━━━━━ Information provided
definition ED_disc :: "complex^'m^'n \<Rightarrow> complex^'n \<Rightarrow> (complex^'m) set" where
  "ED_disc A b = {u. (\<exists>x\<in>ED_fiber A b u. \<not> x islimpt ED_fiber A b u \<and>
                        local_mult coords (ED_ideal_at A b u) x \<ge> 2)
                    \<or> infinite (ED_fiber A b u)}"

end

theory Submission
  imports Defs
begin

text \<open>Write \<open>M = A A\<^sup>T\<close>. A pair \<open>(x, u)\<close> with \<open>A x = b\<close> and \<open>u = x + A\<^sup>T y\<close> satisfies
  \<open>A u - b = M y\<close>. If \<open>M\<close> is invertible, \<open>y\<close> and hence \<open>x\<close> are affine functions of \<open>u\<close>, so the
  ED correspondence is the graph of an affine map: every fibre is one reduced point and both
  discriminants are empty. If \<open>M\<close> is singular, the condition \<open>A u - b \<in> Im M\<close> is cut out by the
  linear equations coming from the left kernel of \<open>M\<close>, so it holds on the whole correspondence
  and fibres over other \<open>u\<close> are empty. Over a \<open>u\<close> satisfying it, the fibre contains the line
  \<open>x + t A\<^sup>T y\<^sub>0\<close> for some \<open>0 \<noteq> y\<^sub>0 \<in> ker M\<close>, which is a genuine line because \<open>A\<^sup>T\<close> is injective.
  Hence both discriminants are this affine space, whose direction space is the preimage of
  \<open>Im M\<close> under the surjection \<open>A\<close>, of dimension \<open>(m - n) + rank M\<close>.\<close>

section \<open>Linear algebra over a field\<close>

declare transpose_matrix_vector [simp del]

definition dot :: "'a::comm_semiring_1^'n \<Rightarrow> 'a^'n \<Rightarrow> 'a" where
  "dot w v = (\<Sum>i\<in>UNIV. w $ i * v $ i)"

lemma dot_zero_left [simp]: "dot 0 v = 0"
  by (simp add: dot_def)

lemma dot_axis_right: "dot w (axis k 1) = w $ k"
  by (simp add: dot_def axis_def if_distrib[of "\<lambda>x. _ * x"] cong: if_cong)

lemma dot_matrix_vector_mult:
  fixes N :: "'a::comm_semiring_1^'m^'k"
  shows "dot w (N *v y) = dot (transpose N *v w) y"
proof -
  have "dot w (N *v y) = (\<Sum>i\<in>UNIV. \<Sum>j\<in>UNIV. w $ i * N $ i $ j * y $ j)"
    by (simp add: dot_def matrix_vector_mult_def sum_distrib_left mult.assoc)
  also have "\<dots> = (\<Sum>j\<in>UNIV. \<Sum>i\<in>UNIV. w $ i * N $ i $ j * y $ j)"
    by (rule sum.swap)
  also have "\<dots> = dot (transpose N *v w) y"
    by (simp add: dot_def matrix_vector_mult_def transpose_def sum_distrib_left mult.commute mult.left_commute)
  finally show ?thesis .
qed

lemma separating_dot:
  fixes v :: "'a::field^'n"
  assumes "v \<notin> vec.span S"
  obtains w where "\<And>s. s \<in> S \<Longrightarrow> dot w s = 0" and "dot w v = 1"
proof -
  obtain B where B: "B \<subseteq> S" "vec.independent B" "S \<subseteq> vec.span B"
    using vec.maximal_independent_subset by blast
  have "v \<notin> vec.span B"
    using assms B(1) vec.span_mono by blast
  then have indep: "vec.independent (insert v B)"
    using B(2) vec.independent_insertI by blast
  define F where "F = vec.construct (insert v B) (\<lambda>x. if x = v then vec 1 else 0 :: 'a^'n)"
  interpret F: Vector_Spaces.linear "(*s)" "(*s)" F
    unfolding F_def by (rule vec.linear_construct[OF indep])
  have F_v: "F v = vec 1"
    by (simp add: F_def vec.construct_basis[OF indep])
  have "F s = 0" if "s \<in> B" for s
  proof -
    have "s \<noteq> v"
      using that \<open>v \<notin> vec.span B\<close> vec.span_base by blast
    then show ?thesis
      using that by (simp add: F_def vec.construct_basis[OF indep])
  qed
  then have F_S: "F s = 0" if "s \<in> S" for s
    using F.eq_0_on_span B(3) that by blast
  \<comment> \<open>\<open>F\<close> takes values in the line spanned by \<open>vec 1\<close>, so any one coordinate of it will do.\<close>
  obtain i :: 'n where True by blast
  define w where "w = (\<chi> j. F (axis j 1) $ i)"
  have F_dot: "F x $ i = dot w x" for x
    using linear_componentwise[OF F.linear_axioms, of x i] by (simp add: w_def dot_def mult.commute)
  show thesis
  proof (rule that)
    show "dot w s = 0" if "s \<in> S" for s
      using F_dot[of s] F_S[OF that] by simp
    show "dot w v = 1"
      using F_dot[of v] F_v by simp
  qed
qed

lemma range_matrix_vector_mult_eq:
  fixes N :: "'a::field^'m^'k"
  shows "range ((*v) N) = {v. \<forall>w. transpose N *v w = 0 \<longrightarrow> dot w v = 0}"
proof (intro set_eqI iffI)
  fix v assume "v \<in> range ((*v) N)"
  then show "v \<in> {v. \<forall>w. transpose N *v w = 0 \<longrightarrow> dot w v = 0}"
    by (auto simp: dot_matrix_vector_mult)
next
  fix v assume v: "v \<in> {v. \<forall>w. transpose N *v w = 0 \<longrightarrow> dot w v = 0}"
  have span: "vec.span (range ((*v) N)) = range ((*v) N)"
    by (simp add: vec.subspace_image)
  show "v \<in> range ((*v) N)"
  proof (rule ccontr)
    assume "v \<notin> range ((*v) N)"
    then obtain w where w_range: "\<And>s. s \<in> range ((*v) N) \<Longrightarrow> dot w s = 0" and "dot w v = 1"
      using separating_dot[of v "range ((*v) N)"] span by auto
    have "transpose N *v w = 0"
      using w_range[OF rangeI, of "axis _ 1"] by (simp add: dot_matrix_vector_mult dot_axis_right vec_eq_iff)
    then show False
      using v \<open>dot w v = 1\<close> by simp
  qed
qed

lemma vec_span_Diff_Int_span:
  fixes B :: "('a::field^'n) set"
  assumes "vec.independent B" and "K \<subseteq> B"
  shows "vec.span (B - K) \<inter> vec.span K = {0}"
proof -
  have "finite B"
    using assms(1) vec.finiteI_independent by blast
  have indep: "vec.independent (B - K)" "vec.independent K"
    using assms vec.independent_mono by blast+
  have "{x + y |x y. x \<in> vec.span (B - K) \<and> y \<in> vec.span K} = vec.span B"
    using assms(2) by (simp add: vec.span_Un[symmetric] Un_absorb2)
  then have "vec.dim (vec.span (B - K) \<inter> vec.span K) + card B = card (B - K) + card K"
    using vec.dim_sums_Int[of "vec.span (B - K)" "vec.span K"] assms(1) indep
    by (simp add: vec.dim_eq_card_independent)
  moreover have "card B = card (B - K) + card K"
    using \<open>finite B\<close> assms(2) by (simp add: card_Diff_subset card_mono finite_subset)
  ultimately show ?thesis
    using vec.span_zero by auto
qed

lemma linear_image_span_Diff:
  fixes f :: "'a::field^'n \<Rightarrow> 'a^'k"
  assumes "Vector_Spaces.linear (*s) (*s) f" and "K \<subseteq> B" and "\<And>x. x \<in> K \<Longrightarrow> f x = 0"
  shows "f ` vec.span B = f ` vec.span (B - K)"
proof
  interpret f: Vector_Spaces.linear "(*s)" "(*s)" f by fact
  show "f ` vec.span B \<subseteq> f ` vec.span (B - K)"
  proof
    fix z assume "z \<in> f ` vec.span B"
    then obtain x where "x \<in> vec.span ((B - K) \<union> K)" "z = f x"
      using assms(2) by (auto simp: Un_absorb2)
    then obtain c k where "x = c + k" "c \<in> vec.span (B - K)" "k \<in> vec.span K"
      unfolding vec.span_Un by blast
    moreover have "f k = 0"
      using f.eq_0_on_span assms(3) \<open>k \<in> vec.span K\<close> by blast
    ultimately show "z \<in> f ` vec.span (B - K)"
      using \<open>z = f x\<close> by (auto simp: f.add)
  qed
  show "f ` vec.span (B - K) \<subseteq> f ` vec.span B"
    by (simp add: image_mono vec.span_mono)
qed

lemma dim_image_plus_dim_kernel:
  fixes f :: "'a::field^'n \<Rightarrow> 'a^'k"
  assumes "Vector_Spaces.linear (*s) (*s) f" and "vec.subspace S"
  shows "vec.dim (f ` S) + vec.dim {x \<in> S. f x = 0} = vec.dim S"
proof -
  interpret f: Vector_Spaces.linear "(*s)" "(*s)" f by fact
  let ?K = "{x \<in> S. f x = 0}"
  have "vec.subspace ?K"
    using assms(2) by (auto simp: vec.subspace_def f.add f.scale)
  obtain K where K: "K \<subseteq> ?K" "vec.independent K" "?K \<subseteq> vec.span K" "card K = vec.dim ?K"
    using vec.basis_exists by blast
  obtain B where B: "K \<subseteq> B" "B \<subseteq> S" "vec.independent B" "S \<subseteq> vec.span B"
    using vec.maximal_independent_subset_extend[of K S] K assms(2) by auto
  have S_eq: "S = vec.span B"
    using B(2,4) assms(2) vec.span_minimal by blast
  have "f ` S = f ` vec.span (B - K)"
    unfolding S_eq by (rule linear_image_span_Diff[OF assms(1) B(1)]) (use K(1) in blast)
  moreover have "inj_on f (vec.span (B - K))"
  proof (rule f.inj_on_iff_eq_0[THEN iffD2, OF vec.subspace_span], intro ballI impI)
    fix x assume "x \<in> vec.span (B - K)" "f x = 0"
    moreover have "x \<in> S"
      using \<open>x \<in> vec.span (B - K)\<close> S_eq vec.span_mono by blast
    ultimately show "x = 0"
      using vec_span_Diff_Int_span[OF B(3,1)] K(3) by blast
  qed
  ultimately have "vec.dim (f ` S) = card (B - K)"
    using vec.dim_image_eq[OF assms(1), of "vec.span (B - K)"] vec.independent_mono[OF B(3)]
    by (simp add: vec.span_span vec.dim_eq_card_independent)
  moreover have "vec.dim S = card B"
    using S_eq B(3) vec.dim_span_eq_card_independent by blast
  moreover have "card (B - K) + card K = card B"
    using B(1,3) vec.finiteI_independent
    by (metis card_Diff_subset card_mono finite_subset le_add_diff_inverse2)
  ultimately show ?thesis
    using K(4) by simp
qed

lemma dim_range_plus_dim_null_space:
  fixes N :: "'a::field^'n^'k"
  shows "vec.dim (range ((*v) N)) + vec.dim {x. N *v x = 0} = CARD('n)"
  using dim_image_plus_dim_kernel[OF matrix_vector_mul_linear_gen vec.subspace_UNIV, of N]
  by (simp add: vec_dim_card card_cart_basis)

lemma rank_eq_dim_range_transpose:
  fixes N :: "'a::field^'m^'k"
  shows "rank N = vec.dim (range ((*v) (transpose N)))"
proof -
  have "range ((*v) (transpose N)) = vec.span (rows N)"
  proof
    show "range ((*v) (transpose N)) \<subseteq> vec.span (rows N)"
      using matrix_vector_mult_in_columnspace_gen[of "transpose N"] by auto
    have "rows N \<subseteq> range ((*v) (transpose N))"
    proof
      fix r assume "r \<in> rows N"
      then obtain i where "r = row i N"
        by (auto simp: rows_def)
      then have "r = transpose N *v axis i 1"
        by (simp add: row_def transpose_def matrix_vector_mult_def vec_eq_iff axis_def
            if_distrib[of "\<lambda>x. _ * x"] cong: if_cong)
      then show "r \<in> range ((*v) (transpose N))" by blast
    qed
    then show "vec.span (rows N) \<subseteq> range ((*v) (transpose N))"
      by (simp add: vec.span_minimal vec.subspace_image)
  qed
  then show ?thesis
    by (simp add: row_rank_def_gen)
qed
━━━━━━━━━━
━━━━━ Information provided
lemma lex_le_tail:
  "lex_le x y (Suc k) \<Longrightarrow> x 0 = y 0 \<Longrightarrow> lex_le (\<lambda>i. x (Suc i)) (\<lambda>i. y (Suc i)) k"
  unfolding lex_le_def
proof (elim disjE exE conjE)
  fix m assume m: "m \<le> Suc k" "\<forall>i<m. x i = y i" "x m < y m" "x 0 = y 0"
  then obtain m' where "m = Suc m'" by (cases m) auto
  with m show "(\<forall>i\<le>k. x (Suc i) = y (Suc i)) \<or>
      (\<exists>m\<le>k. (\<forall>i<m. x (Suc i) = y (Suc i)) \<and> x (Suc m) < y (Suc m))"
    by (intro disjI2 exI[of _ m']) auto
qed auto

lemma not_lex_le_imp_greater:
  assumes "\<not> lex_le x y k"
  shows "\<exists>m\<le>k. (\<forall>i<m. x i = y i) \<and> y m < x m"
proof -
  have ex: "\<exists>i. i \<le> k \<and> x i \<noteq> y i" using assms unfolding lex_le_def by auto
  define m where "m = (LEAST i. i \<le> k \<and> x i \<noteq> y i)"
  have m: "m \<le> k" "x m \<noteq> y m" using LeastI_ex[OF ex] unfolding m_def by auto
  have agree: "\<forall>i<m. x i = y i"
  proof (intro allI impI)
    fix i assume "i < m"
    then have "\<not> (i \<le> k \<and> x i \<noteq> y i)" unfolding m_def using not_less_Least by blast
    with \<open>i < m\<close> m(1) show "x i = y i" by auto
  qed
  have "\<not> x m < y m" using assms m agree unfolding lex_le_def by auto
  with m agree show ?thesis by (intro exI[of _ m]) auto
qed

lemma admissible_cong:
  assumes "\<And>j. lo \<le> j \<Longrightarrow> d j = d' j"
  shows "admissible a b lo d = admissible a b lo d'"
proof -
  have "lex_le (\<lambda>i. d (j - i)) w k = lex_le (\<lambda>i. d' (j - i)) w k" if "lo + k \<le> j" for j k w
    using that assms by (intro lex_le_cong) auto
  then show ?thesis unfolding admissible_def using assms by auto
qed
━━━━━━━━━━
━━━━━ Information provided
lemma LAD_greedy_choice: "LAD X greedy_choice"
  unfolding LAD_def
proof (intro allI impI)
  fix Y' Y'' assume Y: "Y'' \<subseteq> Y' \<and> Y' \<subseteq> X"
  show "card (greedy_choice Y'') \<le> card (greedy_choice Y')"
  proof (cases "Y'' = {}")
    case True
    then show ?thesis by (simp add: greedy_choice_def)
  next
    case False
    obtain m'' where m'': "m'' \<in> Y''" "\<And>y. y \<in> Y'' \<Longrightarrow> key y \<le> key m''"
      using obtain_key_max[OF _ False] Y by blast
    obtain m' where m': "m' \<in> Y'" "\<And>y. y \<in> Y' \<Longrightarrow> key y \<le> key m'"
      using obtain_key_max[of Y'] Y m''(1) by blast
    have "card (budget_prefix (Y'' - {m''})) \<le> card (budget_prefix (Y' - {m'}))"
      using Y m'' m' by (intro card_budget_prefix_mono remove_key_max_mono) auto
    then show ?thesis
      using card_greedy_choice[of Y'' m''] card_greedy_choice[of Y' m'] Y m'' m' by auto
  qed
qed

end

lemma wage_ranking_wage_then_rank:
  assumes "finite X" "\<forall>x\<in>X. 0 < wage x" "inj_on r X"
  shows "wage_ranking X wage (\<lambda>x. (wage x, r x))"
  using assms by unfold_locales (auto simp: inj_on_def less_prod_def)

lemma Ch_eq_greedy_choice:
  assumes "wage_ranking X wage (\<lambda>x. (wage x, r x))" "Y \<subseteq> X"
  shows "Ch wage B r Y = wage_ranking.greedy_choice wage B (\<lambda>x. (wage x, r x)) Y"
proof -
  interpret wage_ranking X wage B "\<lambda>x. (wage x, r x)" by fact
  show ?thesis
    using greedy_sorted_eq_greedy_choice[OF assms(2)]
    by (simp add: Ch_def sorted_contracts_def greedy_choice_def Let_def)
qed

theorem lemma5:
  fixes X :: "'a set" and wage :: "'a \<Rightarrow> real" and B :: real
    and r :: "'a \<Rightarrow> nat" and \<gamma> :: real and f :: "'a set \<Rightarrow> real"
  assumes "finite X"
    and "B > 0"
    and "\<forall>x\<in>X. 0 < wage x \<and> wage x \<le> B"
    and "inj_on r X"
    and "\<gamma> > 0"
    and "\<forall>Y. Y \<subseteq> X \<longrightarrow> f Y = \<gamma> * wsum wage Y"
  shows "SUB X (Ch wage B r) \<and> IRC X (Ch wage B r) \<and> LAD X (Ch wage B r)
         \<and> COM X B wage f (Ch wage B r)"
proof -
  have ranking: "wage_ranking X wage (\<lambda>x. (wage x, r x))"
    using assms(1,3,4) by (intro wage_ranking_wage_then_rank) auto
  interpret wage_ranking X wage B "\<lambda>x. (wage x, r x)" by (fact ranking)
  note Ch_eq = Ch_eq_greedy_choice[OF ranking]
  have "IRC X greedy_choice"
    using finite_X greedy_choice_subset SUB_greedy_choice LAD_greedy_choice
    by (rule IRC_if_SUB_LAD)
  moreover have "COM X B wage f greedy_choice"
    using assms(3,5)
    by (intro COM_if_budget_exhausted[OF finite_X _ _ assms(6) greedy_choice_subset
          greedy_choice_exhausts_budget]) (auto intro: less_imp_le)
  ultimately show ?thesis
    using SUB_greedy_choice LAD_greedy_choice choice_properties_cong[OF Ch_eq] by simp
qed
━━━━━━━━━━
**What to produce**
From the data above, return every line from the line that has "complex^'n \<Rightarrow> (complex^'m)" up to and including the line that has "local_mult coords (ED_ideal_at", exactly.

**Reply**
definition ED_disc :: "complex^'m^'n \<Rightarrow> complex^'n \<Rightarrow> (complex^'m) set" where
  "ED_disc A b = {u. (\<exists>x\<in>ED_fiber A b u. \<not> x islimpt ED_fiber A b u \<and>
                        local_mult coords (ED_ideal_at A b u) x \<ge> 2)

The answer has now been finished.